▶ _What is required_
Report every line of the data where the string "assumes" appears.

▶ _Supplied data_
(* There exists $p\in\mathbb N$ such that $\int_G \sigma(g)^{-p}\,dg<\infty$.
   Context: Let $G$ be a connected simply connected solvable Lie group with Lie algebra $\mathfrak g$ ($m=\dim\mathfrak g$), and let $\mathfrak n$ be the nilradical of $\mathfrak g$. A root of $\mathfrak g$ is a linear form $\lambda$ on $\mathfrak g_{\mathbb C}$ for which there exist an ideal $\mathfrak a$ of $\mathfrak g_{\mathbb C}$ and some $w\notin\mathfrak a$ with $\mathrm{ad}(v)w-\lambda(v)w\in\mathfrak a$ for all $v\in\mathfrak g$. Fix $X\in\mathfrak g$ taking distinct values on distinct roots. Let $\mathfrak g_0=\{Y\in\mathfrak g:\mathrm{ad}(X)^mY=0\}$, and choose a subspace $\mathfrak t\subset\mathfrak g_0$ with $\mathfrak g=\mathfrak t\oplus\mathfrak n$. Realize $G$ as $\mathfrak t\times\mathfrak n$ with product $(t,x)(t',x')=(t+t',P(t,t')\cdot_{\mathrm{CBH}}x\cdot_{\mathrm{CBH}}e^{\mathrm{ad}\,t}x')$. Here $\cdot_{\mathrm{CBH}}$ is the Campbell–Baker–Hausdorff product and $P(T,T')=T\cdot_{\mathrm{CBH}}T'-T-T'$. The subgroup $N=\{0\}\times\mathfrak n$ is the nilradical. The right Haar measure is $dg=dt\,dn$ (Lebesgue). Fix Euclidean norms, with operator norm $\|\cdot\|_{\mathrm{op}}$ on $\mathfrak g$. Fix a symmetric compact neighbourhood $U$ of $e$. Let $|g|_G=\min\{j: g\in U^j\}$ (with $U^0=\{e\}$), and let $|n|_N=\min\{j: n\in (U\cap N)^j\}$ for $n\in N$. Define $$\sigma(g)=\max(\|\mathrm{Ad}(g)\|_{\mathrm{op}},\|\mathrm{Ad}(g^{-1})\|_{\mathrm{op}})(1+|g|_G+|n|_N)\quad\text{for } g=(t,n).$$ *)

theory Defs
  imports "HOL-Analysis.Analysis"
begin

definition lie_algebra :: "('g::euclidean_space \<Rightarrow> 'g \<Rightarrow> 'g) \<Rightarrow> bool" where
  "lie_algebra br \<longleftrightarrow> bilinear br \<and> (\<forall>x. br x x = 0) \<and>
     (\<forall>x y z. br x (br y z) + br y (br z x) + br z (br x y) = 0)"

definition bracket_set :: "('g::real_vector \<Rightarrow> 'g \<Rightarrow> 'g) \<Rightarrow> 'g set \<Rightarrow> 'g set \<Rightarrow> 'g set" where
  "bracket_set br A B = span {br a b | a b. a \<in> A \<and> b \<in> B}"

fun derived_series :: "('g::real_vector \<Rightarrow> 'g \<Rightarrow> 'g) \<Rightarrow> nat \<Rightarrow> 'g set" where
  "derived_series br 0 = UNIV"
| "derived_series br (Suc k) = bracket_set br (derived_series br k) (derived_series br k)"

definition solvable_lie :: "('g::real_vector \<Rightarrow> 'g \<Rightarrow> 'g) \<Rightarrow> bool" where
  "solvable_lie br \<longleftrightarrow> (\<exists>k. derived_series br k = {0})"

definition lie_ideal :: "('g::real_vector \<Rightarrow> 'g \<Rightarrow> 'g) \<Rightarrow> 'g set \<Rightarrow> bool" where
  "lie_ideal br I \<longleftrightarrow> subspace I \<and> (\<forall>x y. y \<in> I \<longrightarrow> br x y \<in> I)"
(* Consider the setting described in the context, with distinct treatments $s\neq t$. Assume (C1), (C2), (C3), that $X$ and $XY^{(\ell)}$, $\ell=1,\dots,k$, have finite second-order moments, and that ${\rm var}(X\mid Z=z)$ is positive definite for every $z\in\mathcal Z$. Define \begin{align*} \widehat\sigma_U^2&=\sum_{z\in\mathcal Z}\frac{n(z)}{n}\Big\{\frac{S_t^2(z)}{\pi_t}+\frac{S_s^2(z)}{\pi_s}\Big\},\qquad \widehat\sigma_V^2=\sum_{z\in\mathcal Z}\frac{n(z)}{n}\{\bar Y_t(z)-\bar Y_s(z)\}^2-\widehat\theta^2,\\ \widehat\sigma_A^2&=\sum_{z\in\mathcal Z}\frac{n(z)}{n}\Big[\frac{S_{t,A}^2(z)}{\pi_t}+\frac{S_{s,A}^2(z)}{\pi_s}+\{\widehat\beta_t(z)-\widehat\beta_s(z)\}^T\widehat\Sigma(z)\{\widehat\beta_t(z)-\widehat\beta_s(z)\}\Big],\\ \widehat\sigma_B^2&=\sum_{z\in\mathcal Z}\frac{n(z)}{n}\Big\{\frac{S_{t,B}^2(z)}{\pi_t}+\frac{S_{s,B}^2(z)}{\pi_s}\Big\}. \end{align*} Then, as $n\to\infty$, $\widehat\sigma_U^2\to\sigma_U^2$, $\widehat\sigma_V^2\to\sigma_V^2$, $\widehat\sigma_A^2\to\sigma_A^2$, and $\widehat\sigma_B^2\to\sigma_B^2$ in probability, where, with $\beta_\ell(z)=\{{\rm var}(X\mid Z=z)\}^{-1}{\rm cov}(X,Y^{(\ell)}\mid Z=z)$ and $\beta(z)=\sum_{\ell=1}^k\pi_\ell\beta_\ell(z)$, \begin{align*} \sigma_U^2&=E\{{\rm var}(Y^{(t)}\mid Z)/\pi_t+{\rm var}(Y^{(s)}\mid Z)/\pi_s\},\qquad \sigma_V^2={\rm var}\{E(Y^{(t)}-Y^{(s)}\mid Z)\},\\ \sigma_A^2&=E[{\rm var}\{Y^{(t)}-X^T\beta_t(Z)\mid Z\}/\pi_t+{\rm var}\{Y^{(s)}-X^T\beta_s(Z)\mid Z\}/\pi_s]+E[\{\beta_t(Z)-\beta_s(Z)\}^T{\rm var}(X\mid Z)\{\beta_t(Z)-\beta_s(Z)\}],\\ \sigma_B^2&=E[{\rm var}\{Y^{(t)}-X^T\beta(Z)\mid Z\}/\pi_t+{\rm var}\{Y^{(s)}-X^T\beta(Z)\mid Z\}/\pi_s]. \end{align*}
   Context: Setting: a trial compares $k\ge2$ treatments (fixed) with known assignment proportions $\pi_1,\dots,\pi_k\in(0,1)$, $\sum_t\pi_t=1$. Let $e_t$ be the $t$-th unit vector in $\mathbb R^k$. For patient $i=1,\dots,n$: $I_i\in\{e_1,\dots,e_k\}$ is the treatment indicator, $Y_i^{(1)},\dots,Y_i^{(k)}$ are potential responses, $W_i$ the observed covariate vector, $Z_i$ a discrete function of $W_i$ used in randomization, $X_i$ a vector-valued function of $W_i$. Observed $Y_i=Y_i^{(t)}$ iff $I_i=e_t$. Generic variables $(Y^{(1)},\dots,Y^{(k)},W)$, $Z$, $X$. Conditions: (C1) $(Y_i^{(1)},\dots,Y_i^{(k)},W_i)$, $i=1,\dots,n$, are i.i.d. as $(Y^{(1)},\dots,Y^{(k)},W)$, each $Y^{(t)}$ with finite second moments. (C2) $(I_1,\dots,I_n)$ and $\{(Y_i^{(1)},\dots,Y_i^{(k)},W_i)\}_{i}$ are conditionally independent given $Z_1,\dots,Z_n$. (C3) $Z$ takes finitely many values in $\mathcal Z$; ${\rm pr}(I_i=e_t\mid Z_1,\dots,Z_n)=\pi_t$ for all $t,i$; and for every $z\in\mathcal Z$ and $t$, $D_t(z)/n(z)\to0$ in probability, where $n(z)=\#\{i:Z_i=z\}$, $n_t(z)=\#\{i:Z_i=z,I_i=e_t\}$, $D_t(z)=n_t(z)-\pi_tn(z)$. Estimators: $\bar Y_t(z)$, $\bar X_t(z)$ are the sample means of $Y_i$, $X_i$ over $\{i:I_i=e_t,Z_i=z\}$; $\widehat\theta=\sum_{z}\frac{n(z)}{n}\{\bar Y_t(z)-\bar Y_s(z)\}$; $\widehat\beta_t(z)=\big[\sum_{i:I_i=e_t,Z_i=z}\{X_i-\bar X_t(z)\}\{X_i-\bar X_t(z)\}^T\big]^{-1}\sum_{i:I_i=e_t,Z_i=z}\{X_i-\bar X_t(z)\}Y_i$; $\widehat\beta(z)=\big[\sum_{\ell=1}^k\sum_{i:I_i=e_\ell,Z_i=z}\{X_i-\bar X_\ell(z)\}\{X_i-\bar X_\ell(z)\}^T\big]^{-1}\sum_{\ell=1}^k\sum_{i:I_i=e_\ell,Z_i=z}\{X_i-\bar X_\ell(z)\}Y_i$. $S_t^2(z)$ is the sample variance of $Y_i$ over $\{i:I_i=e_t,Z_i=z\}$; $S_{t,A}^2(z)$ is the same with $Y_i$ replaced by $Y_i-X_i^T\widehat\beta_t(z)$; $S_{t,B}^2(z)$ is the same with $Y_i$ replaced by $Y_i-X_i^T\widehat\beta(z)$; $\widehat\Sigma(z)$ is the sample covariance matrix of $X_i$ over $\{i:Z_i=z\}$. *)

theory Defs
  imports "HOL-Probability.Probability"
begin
...
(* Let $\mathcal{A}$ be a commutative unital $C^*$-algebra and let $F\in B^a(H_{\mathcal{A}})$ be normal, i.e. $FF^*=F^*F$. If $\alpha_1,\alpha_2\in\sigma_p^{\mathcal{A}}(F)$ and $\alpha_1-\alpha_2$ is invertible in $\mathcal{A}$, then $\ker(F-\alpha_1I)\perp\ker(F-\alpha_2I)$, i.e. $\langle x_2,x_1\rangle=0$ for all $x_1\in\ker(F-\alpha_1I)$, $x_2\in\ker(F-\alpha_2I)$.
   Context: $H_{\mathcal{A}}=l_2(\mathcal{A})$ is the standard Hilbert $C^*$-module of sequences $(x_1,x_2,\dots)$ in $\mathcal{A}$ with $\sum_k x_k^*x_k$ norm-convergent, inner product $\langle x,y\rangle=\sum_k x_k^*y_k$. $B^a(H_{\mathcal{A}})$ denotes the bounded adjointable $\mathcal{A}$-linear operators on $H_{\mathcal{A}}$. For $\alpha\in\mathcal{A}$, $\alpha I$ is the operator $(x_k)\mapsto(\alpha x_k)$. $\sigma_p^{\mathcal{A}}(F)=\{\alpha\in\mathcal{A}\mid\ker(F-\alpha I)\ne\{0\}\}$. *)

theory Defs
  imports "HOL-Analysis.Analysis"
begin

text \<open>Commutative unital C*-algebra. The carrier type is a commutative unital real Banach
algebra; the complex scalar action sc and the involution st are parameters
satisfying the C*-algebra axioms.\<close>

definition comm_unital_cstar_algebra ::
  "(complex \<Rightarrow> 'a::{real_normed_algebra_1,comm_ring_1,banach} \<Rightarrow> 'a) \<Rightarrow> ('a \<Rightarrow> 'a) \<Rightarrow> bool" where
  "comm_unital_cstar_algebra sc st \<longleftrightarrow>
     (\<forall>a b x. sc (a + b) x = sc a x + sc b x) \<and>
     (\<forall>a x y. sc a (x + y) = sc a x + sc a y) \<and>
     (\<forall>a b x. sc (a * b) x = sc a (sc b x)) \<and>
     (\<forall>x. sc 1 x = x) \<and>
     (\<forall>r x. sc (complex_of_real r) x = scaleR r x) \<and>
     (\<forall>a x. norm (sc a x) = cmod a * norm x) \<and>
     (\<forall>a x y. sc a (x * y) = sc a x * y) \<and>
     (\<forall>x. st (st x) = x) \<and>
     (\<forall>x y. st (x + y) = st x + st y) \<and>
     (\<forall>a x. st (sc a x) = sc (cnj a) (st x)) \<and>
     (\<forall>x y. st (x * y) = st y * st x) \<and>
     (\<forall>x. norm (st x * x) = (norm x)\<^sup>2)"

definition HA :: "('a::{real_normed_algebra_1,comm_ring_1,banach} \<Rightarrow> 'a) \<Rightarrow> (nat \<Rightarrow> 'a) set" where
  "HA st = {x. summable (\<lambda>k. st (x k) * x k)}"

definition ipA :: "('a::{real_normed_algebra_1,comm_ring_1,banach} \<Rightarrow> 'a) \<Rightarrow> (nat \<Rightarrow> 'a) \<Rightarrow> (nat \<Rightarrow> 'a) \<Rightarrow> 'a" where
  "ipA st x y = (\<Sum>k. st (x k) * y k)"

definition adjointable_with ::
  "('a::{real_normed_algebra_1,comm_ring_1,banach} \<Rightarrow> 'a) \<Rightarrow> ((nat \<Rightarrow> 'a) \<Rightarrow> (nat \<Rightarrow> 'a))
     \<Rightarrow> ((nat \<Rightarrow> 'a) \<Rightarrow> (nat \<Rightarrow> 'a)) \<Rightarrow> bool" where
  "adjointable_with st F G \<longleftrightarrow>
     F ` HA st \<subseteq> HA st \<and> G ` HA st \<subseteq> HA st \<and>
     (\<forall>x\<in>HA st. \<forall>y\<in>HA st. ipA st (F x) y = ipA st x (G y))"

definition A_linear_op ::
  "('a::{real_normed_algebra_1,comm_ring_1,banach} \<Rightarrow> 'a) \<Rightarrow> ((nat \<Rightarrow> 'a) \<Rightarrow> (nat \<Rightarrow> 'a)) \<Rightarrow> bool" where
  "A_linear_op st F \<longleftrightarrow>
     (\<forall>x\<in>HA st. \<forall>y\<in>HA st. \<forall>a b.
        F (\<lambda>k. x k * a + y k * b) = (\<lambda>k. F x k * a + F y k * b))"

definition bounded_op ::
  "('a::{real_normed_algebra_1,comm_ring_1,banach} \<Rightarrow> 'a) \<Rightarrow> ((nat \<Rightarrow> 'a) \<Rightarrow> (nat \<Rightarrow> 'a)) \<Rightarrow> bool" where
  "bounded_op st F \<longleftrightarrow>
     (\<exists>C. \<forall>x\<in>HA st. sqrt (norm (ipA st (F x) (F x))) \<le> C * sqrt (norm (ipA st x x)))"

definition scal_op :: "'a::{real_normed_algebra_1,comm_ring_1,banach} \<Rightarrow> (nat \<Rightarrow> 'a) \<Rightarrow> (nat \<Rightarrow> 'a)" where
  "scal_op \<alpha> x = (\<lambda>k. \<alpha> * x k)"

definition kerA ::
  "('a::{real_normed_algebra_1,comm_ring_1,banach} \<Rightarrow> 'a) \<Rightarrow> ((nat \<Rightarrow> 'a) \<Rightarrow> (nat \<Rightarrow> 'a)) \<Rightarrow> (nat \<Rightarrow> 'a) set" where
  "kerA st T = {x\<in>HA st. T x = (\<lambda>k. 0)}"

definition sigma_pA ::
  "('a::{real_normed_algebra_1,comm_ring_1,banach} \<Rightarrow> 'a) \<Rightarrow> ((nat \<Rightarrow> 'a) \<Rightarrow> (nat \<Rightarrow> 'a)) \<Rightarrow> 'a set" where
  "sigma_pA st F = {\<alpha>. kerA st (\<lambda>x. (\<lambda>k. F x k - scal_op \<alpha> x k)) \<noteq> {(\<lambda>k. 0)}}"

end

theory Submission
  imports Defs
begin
---
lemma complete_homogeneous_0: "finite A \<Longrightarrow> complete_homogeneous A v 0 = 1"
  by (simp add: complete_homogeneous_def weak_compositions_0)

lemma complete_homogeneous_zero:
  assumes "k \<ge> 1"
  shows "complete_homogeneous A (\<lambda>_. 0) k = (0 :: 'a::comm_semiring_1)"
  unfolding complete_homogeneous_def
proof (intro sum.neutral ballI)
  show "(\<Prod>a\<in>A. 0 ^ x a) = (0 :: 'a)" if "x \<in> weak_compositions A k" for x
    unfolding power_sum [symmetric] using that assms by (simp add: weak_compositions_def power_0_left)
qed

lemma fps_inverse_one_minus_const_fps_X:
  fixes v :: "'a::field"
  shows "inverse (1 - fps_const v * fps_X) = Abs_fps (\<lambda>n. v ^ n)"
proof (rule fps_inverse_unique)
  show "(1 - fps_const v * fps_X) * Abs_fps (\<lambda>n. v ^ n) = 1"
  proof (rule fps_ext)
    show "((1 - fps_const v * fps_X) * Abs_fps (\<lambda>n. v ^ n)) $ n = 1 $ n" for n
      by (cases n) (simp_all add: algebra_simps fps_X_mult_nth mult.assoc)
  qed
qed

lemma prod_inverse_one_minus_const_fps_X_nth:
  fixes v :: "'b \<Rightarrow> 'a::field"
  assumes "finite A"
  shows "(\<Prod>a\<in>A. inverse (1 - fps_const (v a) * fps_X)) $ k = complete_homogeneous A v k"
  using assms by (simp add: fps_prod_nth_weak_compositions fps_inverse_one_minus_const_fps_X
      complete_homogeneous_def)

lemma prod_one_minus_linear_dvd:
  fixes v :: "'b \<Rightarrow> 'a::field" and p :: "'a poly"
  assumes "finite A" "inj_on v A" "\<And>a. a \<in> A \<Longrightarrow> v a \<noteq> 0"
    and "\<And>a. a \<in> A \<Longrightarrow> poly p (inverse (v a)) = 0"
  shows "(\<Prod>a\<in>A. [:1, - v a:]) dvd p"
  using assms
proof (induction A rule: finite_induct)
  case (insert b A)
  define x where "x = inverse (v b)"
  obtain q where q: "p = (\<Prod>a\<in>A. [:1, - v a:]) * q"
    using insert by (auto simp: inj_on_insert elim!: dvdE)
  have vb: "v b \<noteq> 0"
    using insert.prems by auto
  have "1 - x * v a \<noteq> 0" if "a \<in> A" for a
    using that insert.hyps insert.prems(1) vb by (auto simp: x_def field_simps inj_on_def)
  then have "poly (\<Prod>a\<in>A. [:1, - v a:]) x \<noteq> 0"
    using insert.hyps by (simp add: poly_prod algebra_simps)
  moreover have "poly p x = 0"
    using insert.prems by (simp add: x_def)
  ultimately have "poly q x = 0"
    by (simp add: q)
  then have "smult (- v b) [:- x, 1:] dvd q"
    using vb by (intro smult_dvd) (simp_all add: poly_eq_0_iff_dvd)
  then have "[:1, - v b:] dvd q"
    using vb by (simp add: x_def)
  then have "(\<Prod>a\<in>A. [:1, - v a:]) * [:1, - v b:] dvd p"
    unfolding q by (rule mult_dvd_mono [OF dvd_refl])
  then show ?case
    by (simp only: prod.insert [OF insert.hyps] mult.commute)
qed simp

▶ _Output for this exercise_
  assumes "k \<ge> 1"
  assumes "finite A"
  assumes "finite A" "inj_on v A" "\<And>a. a \<in> A \<Longrightarrow> v a \<noteq> 0"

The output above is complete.